Alors que les deux précédentes grandes lois sur le droit d'auteur (1957 et 1985) ont été adoptées à l'unanimité, le ministre de la culture a échoué. Il n'est pas parvenu à rassembler sur son projet de loi visant à adapter le droit d'auteur français à l'ère du numérique, pas même au sein de sa majorité. Depuis novembre dernier, la mobilisation contre son projet de loi - le DADVSI - ne cesse de croître. Les demandes de retrait de l'ordre du jour se multiplient. La nouvelle version bâclée et hypocrite présentée fin février, la campagne de désinformation qui l'a accompagné, le tour de passe anti-constitutionnel et le passage en force des 7, 8, 9 mars ont relancé l'opposition au «DADVSI code».[2]

Les présidents d'Universités «en appellent au Parlement qui, doit à l'instar des parlements des pays européens, permettre aux universités et aux bibliothèques d'assurer leur mission et de garantir l'accès à la culture française».[3] Des entreprises du logiciel libre et des collectivités territoriales ont exprimé une nouvelle fois leurs inquiétudes quant à leur sécurité juridique. [4]
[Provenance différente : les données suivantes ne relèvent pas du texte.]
(* W_i + W_j has the convolution of two standard Gaussian densities as its density, and completing
   the square identifies it as the N(0, 2I) density exp(-|c|^2/4) / (4 pi)^(d/2). The image of
   Lebesgue measure under the norm has density d omega_d r^(d-1), the derivative of the ball volume
   omega_d r^d, so the norm of this radially symmetric vector has density
   d omega_d r^(d-1) exp(-r^2/4) / (4 pi)^(d/2) = p(r). The substitution t = r^2/4 turns the moments
   of p into Gamma integrals, E w^(2k) = 4^k Gamma(k + d/2) / Gamma(d/2). By monotone convergence the
   k-th term of the series in the RF-conformity therefore has expectation v^(2k) / (k! Gamma(d/2)),
   the series has expectation e^(v^2) / Gamma(d/2) for every pair i ~= j, and the normalisation
   Gamma(d/2) / (m (m - 1)) turns the double sum into e^(v^2). *)

theory Submission
  imports Defs
begin

section \<open>Polar coordinates\<close>

lemma unit_ball_vol_mult_Gamma:
  assumes "0 < d"
  shows "real d * unit_ball_vol (real d) * Gamma (real d / 2) = 2 * sqrt pi ^ d"
proof -
  have pi_power: "pi powr (real d / 2) = sqrt pi ^ d"
    by (simp add: powr_half_sqrt[symmetric] powr_realpow[symmetric] powr_powr)
  have Gamma_succ: "Gamma (real d / 2 + 1) = real d / 2 * Gamma (real d / 2)"
    using assms by (intro Gamma_plus1) (auto dest: nonpos_Ints_nonpos)
  have "Gamma (real d / 2) \<noteq> 0"
    using assms by (auto simp: Gamma_eq_zero_iff dest: nonpos_Ints_nonpos)
  then show ?thesis
    using assms unfolding unit_ball_vol_def pi_power Gamma_succ by (simp add: field_simps)
qed

definition sphere_area :: "nat \<Rightarrow> real \<Rightarrow> real" where
  "sphere_area d r = (if 0 \<le> r then real d * unit_ball_vol (real d) * r ^ (d - 1) else 0)"

lemma sphere_area_nonneg: "0 \<le> sphere_area d r"
  by (simp add: sphere_area_def)

lemma borel_measurable_sphere_area [measurable]: "sphere_area d \<in> borel_measurable borel"
  unfolding sphere_area_def by measurable

lemma emeasure_lborel_cball_max:
  "emeasure lborel (cball (0::'a::euclidean_space) t) = ennreal (unit_ball_vol DIM('a) * max t 0 ^ DIM('a))"
proof (cases "0 \<le> t")
  case True
  then show ?thesis by (simp add: emeasure_cball)
next
  case False
  then show ?thesis by simp
qed

lemma nn_integral_sphere_area_atMost:
  assumes "0 < d"
  shows "(\<integral>\<^sup>+r. ennreal (sphere_area d r) * indicator {..t} r \<partial>lborel)
           = ennreal (unit_ball_vol d * max t 0 ^ d)"
proof (cases "0 \<le> t")
  case True
  have "(\<integral>\<^sup>+r. ennreal (sphere_area d r) * indicator {..t} r \<partial>lborel)
      = (\<integral>\<^sup>+r. ennreal (real d * unit_ball_vol d * r ^ (d - 1)) * indicator {0..t} r \<partial>lborel)"
    by (intro nn_integral_cong) (auto simp: sphere_area_def split: split_indicator)
  also have "\<dots> = ennreal (unit_ball_vol d * t ^ d - unit_ball_vol d * 0 ^ d)"
    using True by (intro nn_integral_FTC_Icc) (auto intro!: derivative_eq_intros)
  finally show ?thesis
    using True assms by simp
next
  case False
  then have "(\<lambda>r. ennreal (sphere_area d r) * indicator {..t} r) = (\<lambda>_. 0)"
    by (auto simp: sphere_area_def fun_eq_iff split: split_indicator)
  then show ?thesis
    using False assms by simp
qed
À la lecture d'accords contractuels surréalistes signés par le gouvernement en lieu et place de l'instauration d'une véritable exception pédagogique, des enseignants-chercheurs se sont déclarés officiellement en situation de désobéissance civile.[5]. Des internautes de tous âges et de toutes conditions, qui suivent les débats via le site de l'Assemblée, grondent sur les forums et commencent à organiser des manifestations physiques.[6]

Tout comme les 155 000 particuliers et les 900 organisations ayant signé la pétition EUCD.INFO,[7] des associations nationales de consommateurs et de familles (UFC, UNAF, CLCV), des syndicats de musiciens, et des société de gestion collective défendant les droits de dizaines de milliers d'artistes-interprètes demandent désormais le retrait pur et simple du texte.[8] Le Conseil Économique et Social s'est auto-saisi pour réaffirmer ses positions sur le téléchargement (assimilation à de la copie privée), qui vont dans le sens contraire de la voie répressive choisie par le ministre.[9]
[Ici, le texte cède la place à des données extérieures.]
(* Let $L$ be a non-trivial regular pseudocomplemented de Morgan algebra with dual $pm$-space $P$, and let $n<\omega$. Then $L$ is a simple algebra of $\mathbf{M}_n$ if and only if for all $x,y\in P$, $\ell(x,y)\le n$ or $\ell(x,\zeta(y))\le n$.
   Context: A $pm$-algebra is $(L;\wedge,\vee,{}^\ast,{}^\prime,0,1)$ with bounded distributive lattice reduct, pseudocomplement ${}^\ast$ and de Morgan involution ${}^\prime$; regular means any two congruences sharing a class are equal. $\mathbf{M}_n$ is the variety of regular $pm$-algebras satisfying $(x\wedge x^{\prime\ast})^{n(\prime\ast)}=(x\wedge x^{\prime\ast})^{(n+1)(\prime\ast)}$, where $x^{0(\prime\ast)}=x$, $x^{(k+1)(\prime\ast)}=((x^{k(\prime\ast)})')^\ast$. The dual $pm$-space is the Priestley space $(P;\tau,\le)$ of prime ideals with involution $\zeta(I)=\{a:a'\notin I\}$. $\ell(x,y)$ is the distance in the comparability graph of $(P;\le)$ ($0$ if $x=y$, $\infty$ if no path). *)

theory Defs
  imports Main "HOL-Library.Extended_Nat"
begin

text \<open>A pm-algebra on the whole type 'a: bounded distributive lattice reduct
  (from the type class), a pseudocomplement ps and a de Morgan involution dm.\<close>

definition is_pseudocomplement :: "('a::{distrib_lattice,bounded_lattice} \<Rightarrow> 'a) \<Rightarrow> bool" where
  "is_pseudocomplement ps \<longleftrightarrow> (\<forall>a b. inf a b = bot \<longleftrightarrow> b \<le> ps a)"

definition is_de_morgan_op :: "('a::{distrib_lattice,bounded_lattice} \<Rightarrow> 'a) \<Rightarrow> bool" where
  "is_de_morgan_op dm \<longleftrightarrow> (\<forall>a b. dm (inf a b) = sup (dm a) (dm b)) \<and> (\<forall>a. dm (dm a) = a)"

definition pm_algebra :: "('a::{distrib_lattice,bounded_lattice} \<Rightarrow> 'a) \<Rightarrow> ('a \<Rightarrow> 'a) \<Rightarrow> bool" where
  "pm_algebra ps dm \<longleftrightarrow> is_pseudocomplement ps \<and> is_de_morgan_op dm"

definition pm_congruence :: "('a::{distrib_lattice,bounded_lattice} \<Rightarrow> 'a) \<Rightarrow> ('a \<Rightarrow> 'a) \<Rightarrow> 'a rel \<Rightarrow> bool" where
  "pm_congruence ps dm \<theta> \<longleftrightarrow> equiv UNIV \<theta> \<and>
     (\<forall>a b c d. (a, b) \<in> \<theta> \<longrightarrow> (c, d) \<in> \<theta> \<longrightarrow>
        (inf a c, inf b d) \<in> \<theta> \<and> (sup a c, sup b d) \<in> \<theta>) \<and>
     (\<forall>a b. (a, b) \<in> \<theta> \<longrightarrow> (ps a, ps b) \<in> \<theta> \<and> (dm a, dm b) \<in> \<theta>)"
Il faut se rendre à l'évidence : même si elle était jugée constitutionnelle, une loi sur le droit d'auteur aussi rétrograde, injuste et contestée, passée en force, sous la pression et les menaces avérées de lobbies, et au mépris des droits des parlementaires, ne serait pas respectée. D'autant plus qu'elle est inapplicable.
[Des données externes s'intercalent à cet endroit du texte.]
lemma cls_add_cls [simp]: "cls_add (cls a) (cls b) = cls (a + b)"
  using hd_cls_cong[of a] hd_cls_cong[of b] by (simp add: cls_add_def cls_eq_iff cong_add)

lemma cls_act_cls [simp]: "r \<in> B \<Longrightarrow> cls_act r (cls a) = cls (r * a)"
  using mult_mem[OF _ hd_cls_cong[of a, unfolded cong_def], of r]
  by (simp add: cls_act_def cls_eq_iff cong_def right_diff_distrib)

lemma lmod_cls: "lmod B (range cls) cls_add (cls 0) cls_act"
proof -
  have "\<exists>y. cls (x + y) = cls 0" for x
    by (rule exI[of _ "- x"]) simp
  then show ?thesis
    unfolding lmod_def ab_grp_def
    by (auto simp: cls_eq_iff cong_def algebra_simps add_mem mult_mem one_mem)
qed

abbreviation relB :: "('h \<times> 'h list \<Rightarrow>\<^sub>0 int) set" where
  "relB \<equiv> tens_rel (+) cls_add (\<lambda>h b. h * b) cls_act UNIV (range cls) B"

sublocale relB: frag_subgroup relB
  by (rule frag_subgroup_tens_rel)

text \<open>Purity is applied to \<open>1 \<otimes> [x]\<close>; then \<open>B \<otimes>\<^sub>B H/B \<cong> H/B\<close>, via
  \<open>b \<otimes> [h] \<mapsto> b h\<close> modulo \<open>B\<close>, gives \<open>[x] = 0\<close>.\<close>
lemma pure_incl_cls_mem:
  assumes "pure_incl B" and "frag_of (1, cls x) \<in> relB"
  shows "x \<in> B"
proof -
  have "frag_of (1, cls x) \<in> tens_rel (+) cls_add (\<lambda>h b. h * b) cls_act B (range cls) B"
    using assms lmod_cls one_mem unfolding pure_incl_def by auto
  then have "ev (\<lambda>(b, m). b * hd m) (frag_of (1, cls x)) \<in> B"
  proof (rule tens_rel_image_mem[OF _ additive_subgroup_axioms ev_add])
    fix m n n'
    assume "m \<in> B"
    then have "m * (hd (cls (hd n + hd n')) - (hd n + hd n')) \<in> B"
      using hd_cls_cong mult_mem unfolding cong_def by blast
    then show "ev (\<lambda>(b, m). b * hd m) (frag_of (m, cls_add n n') - frag_of (m, n) - frag_of (m, n'))
        \<in> B"
      by (simp add: ev_diff ev_add cls_add_def algebra_simps)
  next
    fix m r n
    assume "m \<in> B"
    then have "m * (r * hd n - hd (cls (r * hd n))) \<in> B"
      using hd_cls_cong cong_sym mult_mem unfolding cong_def by blast
    then show "ev (\<lambda>(b, m). b * hd m) (frag_of (m * r, n) - frag_of (m, cls_act r n)) \<in> B"
      by (simp add: ev_diff cls_act_def algebra_simps)
  qed (simp add: ev_diff ev_add algebra_simps)
  then show ?thesis
    using cong_mem[OF cong_sym[OF hd_cls_cong[of x]]] by simp
qed

end

locale bialgebroid =
  fixes \<iota> :: "'k::field \<Rightarrow> 'a::ring_1" and \<kappa> :: "'k \<Rightarrow> 'h::ring_1"
    and s :: "'a \<Rightarrow> 'h" and t :: "'a \<Rightarrow> 'h"
    and \<Delta> :: "'h \<Rightarrow> ('h \<times> 'h \<Rightarrow>\<^sub>0 int)" and \<epsilon> :: "'h \<Rightarrow> 'a"
  assumes left_bialgebroid: "left_bialgebroid \<iota> \<kappa> s t \<Delta> \<epsilon>"
begin

abbreviation relA :: "('h \<times> 'h \<Rightarrow>\<^sub>0 int) set" where
  "relA \<equiv> tens_rel (+) (+) (\<lambda>x a. t a * x) (\<lambda>a y. s a * y) UNIV UNIV UNIV"

abbreviation relQ :: "'h set \<Rightarrow> ('h set \<times> 'h \<Rightarrow>\<^sub>0 int) set" where
  "relQ I \<equiv> tens_rel (coset_add I) (+) (coset_act t I) (\<lambda>a y. s a * y) (range (coset I)) UNIV UNIV"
Au lieu de traiter une nouvelle fois le Parlement comme «une chambre d'enregistrement», et la concertation avec la société civile comme une option, le Premier Ministre devrait donc prendre acte de l'échec de M. Donnedieu De Vabres, retirer le projet de loi de l'ordre du jour et lever l'urgence. Il devrait aussi écouter le président de l'Assemblée, les présidents de groupe et les députés qui lui ont signalé qu'il fallait prendre le temps d'une mission d'information parlementaire, dans l'interêt de tous.


I - Références

[0] - Téléchargement d'erreurs pour le ministre - Florent Latrive (Libération)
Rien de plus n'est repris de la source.